Gavrilă completed in 1977 his previous work on the relativistic theory of the photoelectric effect in the inner atomic orbitals that he had begun in his Ph.D. thesis in 1958; thus, he applied radiative corrections to his previous calculations
He also investigated two-photon excitations and the elastic photon scattering amplitude in the hydrogen ground state. He completed also the non-relativistic Compton scattering calculation for an electron in the K-shell
These calculations were then extended in the dipolar approximation to the study of Compton scattering in the L- shell. The results of his investigations confirmed the presence of the infrared divergence—as predicted in quantum electrodynamics, and also predicted the presence of a resonance in the spectrum of the scattered photons.

===Interactions of laser beams with atoms===
He began this research in 1976 in connection with experimental studies carried out at AMOLF by the group of Marnix van der Wiel. Initially, his interest was focused on multi-photon transitions treated by non-perturbation quantum theory. However, he switched to perturbation methods in quantum theory when it became possible experimentally to attain ultra-high laser intensities at very high frequencies based on the High-Intensity High-Frequency Floquet Theory (HI-HFFT). His investigations lead to very surprising results—the phenomenon of ``atomic dichotomy" in which the hydrogen atom when it is placed in a linearly polarized field exhibits a splitting of its spherical charge distribution into two lobes that oscillate in the laser field. On the other hand, in a circularly polarized laser field, the hydrogen atom's charge distribution takes on a toroidal shape with its symmetry axis oriented along the propagation vector of the field and passing through the center of the atom. His theory also predicts for two-electron atoms the appearance of a new bound state which is induced by the ultra-intense laser field; these are 'light-induced excited states'. Apparently paradoxical events do occur in the presence of the extremely intense laser field: a proton can bind more than two electrons thus leading to the formation of hydrogen negative ions with multiple negative charges that are relatively stable. Other novel and unexpected properties of molecules were also predicted in the presence of such ultra-intense laser fields.

==Scientific leadership==

Gavrilă organized several international physics conferences, such as International Conference on Atomic Physics, International Conference on Photonic, Electronic, and Atomic Collisions, and International Conference on Multiphoton Processes. He was also a peer-reviewer for Physical Review A (1991–1993), Journal of Physics B and several other international physics journals.

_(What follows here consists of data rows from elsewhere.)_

lemma riesz_energy_singular_box_le:
  fixes a b :: real
  assumes "0 \<le> a" "0 \<le> b" "b < 1" "a + b/2 < 1"
  obtains C where "0 \<le> C" and "\<And>h p q. 0 < h \<Longrightarrow>
      riesz_energy b (\<lambda>u. indicator {p-h..p} u * (p - u) powr (-a)) (\<lambda>v. indicator {q-h..q} v * (q - v) powr (-a))
        \<le> ennreal (C * h powr (2 - 2*a - b))"
proof -
  obtain P r \<theta> where P: "0 \<le> P" "P < 1" and r: "0 \<le> r" "r < 1" and \<theta>: "0 \<le> \<theta>" "\<theta> \<le> 1/2"
    and ab: "a = P * (1 - \<theta>)" "b = 2 * \<theta> * r"
    using exponent_splitting[OF assms] .
  show thesis
  proof (rule that)
    show "0 \<le> 1 / (1 - P)^2 + 2 * ((2 / (1 - r) + 1) / (1 - P))"
      using P r by (intro add_nonneg_nonneg mult_nonneg_nonneg divide_nonneg_nonneg) auto
  next
    fix h p q :: real
    assume h: "0 < h"
    have "h powr (2*P - 2*a - b) * (h powr (1 - P) * h powr (1 - P)) = h powr (2 - 2*a - b)"
      "h powr (P + r - 2*a - b) * (h powr (1 - P) * h powr (1 - r)) = h powr (2 - 2*a - b)"
      by (simp_all add: algebra_simps flip: powr_add)
    then have "h powr (2*P - 2*a - b) * (h powr (1 - P) / (1 - P))^2
        + 2 * h powr (P + r - 2*a - b) * (h powr (1 - P) / (1 - P)) * ((2 / (1 - r) + 1) * h powr (1 - r))
      = (1 / (1 - P)^2 + 2 * ((2 / (1 - r) + 1) / (1 - P))) * h powr (2 - 2*a - b)"
      by (simp add: power2_eq_square field_simps)
    with riesz_energy_singular_box_le_weighted[OF h P r \<theta> ab, of p q]
    show "riesz_energy b (\<lambda>u. indicator {p-h..p} u * (p - u) powr (-a)) (\<lambda>v. indicator {q-h..q} v * (q - v) powr (-a))
        \<le> ennreal ((1 / (1 - P)^2 + 2 * ((2 / (1 - r) + 1) / (1 - P))) * h powr (2 - 2*a - b))"
      by simp
  qed
qed

section \<open>A majorant of the kernel\<close>

definition kernel_majorant :: "real \<Rightarrow> real \<Rightarrow> real \<Rightarrow> real" where
  "kernel_majorant \<alpha> h x = (if 0 < x then min (x powr (\<alpha> - 1)) (h * x powr (\<alpha> - 2)) else 0)"

lemma kernel_majorant_measurable [measurable]: "kernel_majorant \<alpha> h \<in> borel_measurable borel"
  unfolding kernel_majorant_def by measurable

lemma kernel_majorant_nonneg: "0 \<le> h \<Longrightarrow> 0 \<le> kernel_majorant \<alpha> h x"
  by (simp add: kernel_majorant_def)

lemma kernel_majorant_le_powr: "kernel_majorant \<alpha> h x \<le> x powr (\<alpha> - 1)"
  by (simp add: kernel_majorant_def)

lemma kernel_majorant_le_far: "0 < x \<Longrightarrow> kernel_majorant \<alpha> h x \<le> h * x powr (\<alpha> - 2)"
  by (simp add: kernel_majorant_def)

lemma kernel_majorant_nonpos: "x \<le> 0 \<Longrightarrow> kernel_majorant \<alpha> h x = 0"
  by (simp add: kernel_majorant_def)

lemma nn_integral_kernel_majorant_le:
  assumes "0 < h" "0 < \<alpha>" "\<alpha> < 1"
  shows "(\<integral>\<^sup>+u. ennreal (kernel_majorant \<alpha> h (p - u)) \<partial>lborel) \<le> ennreal ((1/\<alpha> + 1/(1-\<alpha>)) * h powr \<alpha>)"
proof -
  have "kernel_majorant \<alpha> h x \<le> 1 * (indicator {0..h} x * x powr (\<alpha> - 1)) + h * (indicator {h..} x * x powr (\<alpha> - 2))" for x
    using assms by (cases "x \<le> h") (auto simp: kernel_majorant_def indicator_def intro: add_increasing2)
  then have "(\<integral>\<^sup>+x. ennreal (kernel_majorant \<alpha> h x) \<partial>lborel)
      \<le> ennreal 1 * (\<integral>\<^sup>+x. ennreal (indicator {0..h} x * x powr (\<alpha> - 1)) \<partial>lborel)
        + ennreal h * (\<integral>\<^sup>+x. ennreal (indicator {h..} x * x powr (\<alpha> - 2)) \<partial>lborel)"
    using assms by (intro nn_integral_le_lincomb) auto
  also have "\<dots> = ennreal (h powr \<alpha> / \<alpha>) + ennreal h * ennreal (h powr (\<alpha> - 1) / (1 - \<alpha>))"
    using assms by (simp add: nn_integral_powr_Icc_0 nn_integral_powr_Ici)
  also have "\<dots> = ennreal (h powr \<alpha> / \<alpha> + h * h powr (\<alpha> - 1) / (1 - \<alpha>))"
    using assms by (simp flip: ennreal_plus ennreal_mult')
  also have "h * h powr (\<alpha> - 1) = h powr \<alpha>"
    using assms by (simp add: powr_diff)
  finally show ?thesis
    by (subst nn_integral_lborel_reflect) (simp_all add: distrib_right)
qed

lemma Akern_nonneg:
  assumes "shat < s" "\<alpha> \<le> 1"
  shows "0 \<le> Akern \<alpha> shat s u"
proof -
  have "(s - u) powr (\<alpha> - 1) \<le> (shat - u) powr (\<alpha> - 1)" if "u < shat"
    using that assms by (intro powr_mono2') auto
  then show ?thesis
    by (auto simp: Akern_def indicator_def)
qed

lemma Akern_le_kernel_majorant:
  assumes "shat < s" "s \<le> shat + h" "0 \<le> \<alpha>"
  shows "Akern \<alpha> shat s u \<le> kernel_majorant \<alpha> h (shat - u) + kernel_majorant \<alpha> h (s - u)"
proof -
  have h: "0 < h" using assms by linarith
  consider "0 < u" "u < shat" | "shat < u" "u < s" | "Akern \<alpha> shat s u = 0"
    by (fastforce simp: Akern_def indicator_def)
  then show ?thesis
  proof cases
    case 1
    then have "Akern \<alpha> shat s u = (shat - u) powr (\<alpha> - 1) - (shat - u + (s - shat)) powr (\<alpha> - 1)"
      by (simp add: Akern_def indicator_def)
    also have "\<dots> \<le> kernel_majorant \<alpha> h (shat - u)"
    proof -
      have "(shat - u) powr (\<alpha> - 1) - (shat - u + (s - shat)) powr (\<alpha> - 1) \<le> (s - shat) * (shat - u) powr (\<alpha> - 2)"
        using 1 assms powr_diff_powr_add_le[of "shat - u" "s - shat" "\<alpha> - 1"] by simp
      also have "\<dots> \<le> h * (shat - u) powr (\<alpha> - 2)"
        using assms by (intro mult_right_mono) auto
      finally show ?thesis
        using 1 by (simp add: kernel_majorant_def)
    qed
    finally show ?thesis
      using kernel_majorant_nonneg[of h \<alpha> "s - u"] h by linarith
  next
    case 2
    have "(s - u) powr (\<alpha> - 1) = (s - u) * (s - u) powr (\<alpha> - 2)"
      using 2 powr_add[of "s - u" 1 "\<alpha> - 2"] by simp
    also have "\<dots> \<le> h * (s - u) powr (\<alpha> - 2)"
      using 2 assms by (intro mult_right_mono) auto
    finally have "kernel_majorant \<alpha> h (s - u) = (s - u) powr (\<alpha> - 1)"
      using 2 by (simp add: kernel_majorant_def)
    moreover have "Akern \<alpha> shat s u = (s - u) powr (\<alpha> - 1)"
      using 2 by (simp add: Akern_def indicator_def)
    ultimately show ?thesis
      using kernel_majorant_nonneg[of h \<alpha> "shat - u"] h by linarith
  next
    case 3
    then show ?thesis
      using h by (simp add: kernel_majorant_nonneg)
  qed
qed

He also managed several projects financed by the European Union and Stichting FOM. He coordinated successfully the project Atoms in Super-intense, Femtosecond Pulses involving four experimental laboratories and theoretical groups from France, Belgium and the Netherlands, to build an ultra high-power laser at the Laboratoire d'Optique Appliquée in Palaiseau, France.

==Family==
In the early 1950s, Gavrilă was married for three years to Ana-Dorica Blaga, the daughter of Lucian Blaga. Mihai Gavrilă has two children, Ioa-Silva Gavrilă and Dariu-Mihai Gavrilă from his marriage with the pianist Liana Șerbescu. Both are computer scientists.